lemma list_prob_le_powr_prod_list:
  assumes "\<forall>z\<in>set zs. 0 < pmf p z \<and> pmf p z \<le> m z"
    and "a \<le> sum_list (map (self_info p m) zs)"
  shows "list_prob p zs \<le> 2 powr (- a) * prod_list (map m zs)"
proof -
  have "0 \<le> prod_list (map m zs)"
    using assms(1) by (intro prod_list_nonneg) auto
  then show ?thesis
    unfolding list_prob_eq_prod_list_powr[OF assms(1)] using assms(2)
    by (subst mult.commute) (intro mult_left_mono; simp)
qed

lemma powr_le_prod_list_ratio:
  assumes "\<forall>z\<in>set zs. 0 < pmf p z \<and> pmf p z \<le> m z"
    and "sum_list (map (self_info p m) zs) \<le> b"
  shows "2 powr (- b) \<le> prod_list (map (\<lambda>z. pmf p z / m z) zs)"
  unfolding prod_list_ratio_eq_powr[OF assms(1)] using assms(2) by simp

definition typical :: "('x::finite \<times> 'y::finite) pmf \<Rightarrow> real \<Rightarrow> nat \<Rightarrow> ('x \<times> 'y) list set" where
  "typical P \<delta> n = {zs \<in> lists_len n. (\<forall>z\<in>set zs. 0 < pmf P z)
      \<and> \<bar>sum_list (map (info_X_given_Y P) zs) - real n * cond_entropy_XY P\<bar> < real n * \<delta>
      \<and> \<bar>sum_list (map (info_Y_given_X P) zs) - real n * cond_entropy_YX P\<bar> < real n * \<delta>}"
▬▬▬▬▬▬
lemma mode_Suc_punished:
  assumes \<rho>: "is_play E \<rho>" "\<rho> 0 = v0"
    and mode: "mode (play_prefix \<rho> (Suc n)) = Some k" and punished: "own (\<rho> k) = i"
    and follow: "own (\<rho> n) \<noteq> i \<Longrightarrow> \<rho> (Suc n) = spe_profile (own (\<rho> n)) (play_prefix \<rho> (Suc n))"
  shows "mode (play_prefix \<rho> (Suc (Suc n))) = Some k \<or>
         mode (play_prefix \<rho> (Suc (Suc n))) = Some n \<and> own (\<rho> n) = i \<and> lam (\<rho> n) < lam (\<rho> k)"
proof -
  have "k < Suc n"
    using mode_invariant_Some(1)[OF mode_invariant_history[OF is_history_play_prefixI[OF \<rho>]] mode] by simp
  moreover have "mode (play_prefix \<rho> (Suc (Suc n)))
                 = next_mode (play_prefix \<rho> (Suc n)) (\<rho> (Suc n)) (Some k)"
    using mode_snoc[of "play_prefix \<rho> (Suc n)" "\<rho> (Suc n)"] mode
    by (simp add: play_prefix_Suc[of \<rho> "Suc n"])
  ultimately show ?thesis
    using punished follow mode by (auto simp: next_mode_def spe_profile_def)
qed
▬▬▬▬▬▬
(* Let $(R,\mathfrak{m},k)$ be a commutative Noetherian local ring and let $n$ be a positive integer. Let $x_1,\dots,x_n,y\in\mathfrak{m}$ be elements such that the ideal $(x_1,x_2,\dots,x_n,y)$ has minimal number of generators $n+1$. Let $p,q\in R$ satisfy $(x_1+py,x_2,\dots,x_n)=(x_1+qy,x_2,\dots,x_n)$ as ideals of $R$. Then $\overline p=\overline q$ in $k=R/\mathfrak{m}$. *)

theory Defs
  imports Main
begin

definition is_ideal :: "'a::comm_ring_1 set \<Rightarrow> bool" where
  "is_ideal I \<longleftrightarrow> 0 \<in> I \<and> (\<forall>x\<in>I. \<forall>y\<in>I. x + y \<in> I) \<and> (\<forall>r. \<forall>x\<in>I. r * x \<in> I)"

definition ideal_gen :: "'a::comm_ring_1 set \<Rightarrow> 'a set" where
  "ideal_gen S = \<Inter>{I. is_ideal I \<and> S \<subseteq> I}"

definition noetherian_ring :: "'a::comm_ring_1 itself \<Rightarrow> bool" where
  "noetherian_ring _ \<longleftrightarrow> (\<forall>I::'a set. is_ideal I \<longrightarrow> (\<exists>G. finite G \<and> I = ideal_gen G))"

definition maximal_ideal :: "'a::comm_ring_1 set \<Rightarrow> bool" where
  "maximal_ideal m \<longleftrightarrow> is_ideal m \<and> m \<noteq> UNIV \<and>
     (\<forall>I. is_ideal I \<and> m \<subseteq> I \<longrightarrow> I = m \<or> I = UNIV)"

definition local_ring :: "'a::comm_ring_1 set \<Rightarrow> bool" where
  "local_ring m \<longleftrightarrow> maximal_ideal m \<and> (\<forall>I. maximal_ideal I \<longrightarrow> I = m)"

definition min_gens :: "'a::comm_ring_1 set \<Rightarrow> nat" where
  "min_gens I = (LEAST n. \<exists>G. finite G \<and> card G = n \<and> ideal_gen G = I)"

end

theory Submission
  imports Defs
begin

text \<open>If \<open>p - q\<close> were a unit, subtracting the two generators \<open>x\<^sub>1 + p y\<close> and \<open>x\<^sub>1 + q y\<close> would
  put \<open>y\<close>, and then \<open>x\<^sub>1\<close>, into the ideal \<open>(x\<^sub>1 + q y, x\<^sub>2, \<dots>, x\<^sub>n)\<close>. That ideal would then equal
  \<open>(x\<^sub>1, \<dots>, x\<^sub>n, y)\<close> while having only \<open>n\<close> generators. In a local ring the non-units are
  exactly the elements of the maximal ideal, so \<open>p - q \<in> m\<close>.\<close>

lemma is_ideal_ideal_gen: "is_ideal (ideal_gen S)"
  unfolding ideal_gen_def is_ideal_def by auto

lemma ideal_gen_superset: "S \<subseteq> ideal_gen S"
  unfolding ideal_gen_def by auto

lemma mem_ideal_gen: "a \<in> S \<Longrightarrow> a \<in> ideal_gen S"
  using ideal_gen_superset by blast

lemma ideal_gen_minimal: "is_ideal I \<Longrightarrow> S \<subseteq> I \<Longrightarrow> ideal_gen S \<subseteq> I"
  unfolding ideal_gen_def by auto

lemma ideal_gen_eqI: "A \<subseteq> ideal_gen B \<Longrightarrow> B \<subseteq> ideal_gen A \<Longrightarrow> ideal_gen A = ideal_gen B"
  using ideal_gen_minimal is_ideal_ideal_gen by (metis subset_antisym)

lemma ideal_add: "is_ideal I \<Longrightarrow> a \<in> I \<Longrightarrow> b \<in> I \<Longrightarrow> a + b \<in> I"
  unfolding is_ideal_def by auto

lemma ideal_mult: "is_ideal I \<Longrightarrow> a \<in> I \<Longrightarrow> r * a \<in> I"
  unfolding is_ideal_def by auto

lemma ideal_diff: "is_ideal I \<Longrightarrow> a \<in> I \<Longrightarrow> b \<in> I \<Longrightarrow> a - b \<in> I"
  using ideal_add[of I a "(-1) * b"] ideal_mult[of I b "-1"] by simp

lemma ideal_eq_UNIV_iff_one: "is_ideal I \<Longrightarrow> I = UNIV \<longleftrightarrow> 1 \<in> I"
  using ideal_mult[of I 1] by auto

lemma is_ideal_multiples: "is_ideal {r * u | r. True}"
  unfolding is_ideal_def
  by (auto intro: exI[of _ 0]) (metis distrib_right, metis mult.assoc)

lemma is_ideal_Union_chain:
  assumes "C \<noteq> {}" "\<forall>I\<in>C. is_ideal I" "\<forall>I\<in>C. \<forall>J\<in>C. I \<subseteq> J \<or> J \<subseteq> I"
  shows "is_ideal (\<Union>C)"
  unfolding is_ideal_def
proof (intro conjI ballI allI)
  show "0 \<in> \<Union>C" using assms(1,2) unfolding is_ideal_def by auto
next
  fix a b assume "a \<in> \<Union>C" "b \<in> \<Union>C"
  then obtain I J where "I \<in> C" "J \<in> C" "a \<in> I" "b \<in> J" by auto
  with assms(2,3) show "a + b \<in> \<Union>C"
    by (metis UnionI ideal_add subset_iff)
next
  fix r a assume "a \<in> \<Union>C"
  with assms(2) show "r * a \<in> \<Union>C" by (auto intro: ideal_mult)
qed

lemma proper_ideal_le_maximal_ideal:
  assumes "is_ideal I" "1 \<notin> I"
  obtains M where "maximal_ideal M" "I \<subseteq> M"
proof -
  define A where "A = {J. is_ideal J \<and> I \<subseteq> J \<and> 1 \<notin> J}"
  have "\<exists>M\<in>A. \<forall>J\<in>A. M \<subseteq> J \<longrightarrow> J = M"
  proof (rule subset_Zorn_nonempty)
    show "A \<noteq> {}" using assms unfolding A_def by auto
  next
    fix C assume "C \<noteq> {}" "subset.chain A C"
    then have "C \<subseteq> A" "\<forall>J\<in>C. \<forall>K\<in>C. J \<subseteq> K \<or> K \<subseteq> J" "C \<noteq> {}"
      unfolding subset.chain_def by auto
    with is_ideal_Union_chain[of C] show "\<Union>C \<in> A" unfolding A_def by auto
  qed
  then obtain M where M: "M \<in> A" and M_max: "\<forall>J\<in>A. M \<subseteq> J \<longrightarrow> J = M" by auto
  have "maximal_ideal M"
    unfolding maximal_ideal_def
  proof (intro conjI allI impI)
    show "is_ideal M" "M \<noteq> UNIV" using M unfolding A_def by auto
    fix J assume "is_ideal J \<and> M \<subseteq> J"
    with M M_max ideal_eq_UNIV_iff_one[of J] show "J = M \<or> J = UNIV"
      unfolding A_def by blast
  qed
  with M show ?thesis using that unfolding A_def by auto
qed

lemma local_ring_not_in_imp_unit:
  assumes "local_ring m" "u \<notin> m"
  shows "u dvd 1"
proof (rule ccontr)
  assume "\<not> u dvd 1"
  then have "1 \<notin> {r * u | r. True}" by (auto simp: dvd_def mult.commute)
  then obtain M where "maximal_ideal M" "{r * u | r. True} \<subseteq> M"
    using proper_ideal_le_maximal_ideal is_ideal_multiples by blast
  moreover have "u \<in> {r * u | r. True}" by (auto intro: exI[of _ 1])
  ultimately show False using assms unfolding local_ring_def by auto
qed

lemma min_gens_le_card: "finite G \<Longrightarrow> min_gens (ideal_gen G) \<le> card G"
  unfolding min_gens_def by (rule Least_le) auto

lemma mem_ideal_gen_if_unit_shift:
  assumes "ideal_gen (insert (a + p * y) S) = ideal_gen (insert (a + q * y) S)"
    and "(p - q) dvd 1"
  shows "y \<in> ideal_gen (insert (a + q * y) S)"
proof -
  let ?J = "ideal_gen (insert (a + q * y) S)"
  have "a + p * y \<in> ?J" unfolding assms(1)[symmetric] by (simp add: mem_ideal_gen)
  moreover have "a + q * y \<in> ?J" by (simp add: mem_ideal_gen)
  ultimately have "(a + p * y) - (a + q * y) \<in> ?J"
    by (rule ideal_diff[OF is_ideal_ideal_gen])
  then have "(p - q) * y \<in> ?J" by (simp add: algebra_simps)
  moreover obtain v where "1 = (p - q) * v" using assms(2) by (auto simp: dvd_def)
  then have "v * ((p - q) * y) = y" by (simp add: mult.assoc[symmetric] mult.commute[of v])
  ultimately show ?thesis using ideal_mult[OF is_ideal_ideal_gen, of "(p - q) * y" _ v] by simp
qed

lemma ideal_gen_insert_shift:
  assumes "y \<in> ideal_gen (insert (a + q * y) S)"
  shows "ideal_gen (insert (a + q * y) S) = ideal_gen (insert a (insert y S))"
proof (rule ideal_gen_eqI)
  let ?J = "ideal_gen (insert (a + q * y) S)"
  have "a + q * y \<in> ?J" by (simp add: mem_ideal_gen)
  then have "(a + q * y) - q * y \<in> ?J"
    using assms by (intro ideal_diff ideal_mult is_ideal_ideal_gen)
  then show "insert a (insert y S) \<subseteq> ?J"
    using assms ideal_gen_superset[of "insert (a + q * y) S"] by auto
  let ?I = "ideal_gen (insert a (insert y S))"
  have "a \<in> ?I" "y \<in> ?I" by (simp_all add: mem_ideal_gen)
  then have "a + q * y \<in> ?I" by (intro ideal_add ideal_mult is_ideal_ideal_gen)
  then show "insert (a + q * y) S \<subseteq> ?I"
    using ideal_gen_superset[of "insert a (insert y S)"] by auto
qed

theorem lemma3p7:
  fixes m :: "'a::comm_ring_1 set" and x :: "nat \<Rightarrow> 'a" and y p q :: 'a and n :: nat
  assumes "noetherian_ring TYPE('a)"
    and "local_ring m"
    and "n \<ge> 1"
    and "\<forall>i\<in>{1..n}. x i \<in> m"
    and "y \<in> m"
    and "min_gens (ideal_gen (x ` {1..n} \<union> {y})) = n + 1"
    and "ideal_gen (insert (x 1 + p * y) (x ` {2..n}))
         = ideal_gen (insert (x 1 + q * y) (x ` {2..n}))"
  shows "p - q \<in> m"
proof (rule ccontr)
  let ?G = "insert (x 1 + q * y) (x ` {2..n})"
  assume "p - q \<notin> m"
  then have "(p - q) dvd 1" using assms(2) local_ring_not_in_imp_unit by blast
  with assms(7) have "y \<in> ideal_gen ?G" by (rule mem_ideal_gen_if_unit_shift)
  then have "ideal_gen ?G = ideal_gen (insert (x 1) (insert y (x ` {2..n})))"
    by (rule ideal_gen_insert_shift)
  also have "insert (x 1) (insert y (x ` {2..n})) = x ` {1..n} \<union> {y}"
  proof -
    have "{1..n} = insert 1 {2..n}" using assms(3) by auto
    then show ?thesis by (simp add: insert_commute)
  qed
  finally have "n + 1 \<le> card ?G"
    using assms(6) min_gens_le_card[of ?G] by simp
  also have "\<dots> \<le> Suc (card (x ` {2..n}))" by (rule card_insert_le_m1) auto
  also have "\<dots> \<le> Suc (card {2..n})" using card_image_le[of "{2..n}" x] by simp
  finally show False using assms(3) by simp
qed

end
▬▬▬▬▬▬
* YOUR TASK *
Look above for the line holding "by (subst mult.commute)" and the line holding "b) \<le> prod_list", then output exactly those two lines and every line between them, nothing more.

* PROBLEM SOLUTION *
    by (subst mult.commute) (intro mult_left_mono; simp)
qed

lemma powr_le_prod_list_ratio:
  assumes "\<forall>z\<in>set zs. 0 < pmf p z \<and> pmf p z \<le> m z"
    and "sum_list (map (self_info p m) zs) \<le> b"
  shows "2 powr (- b) \<le> prod_list (map (\<lambda>z. pmf p z / m z) zs)"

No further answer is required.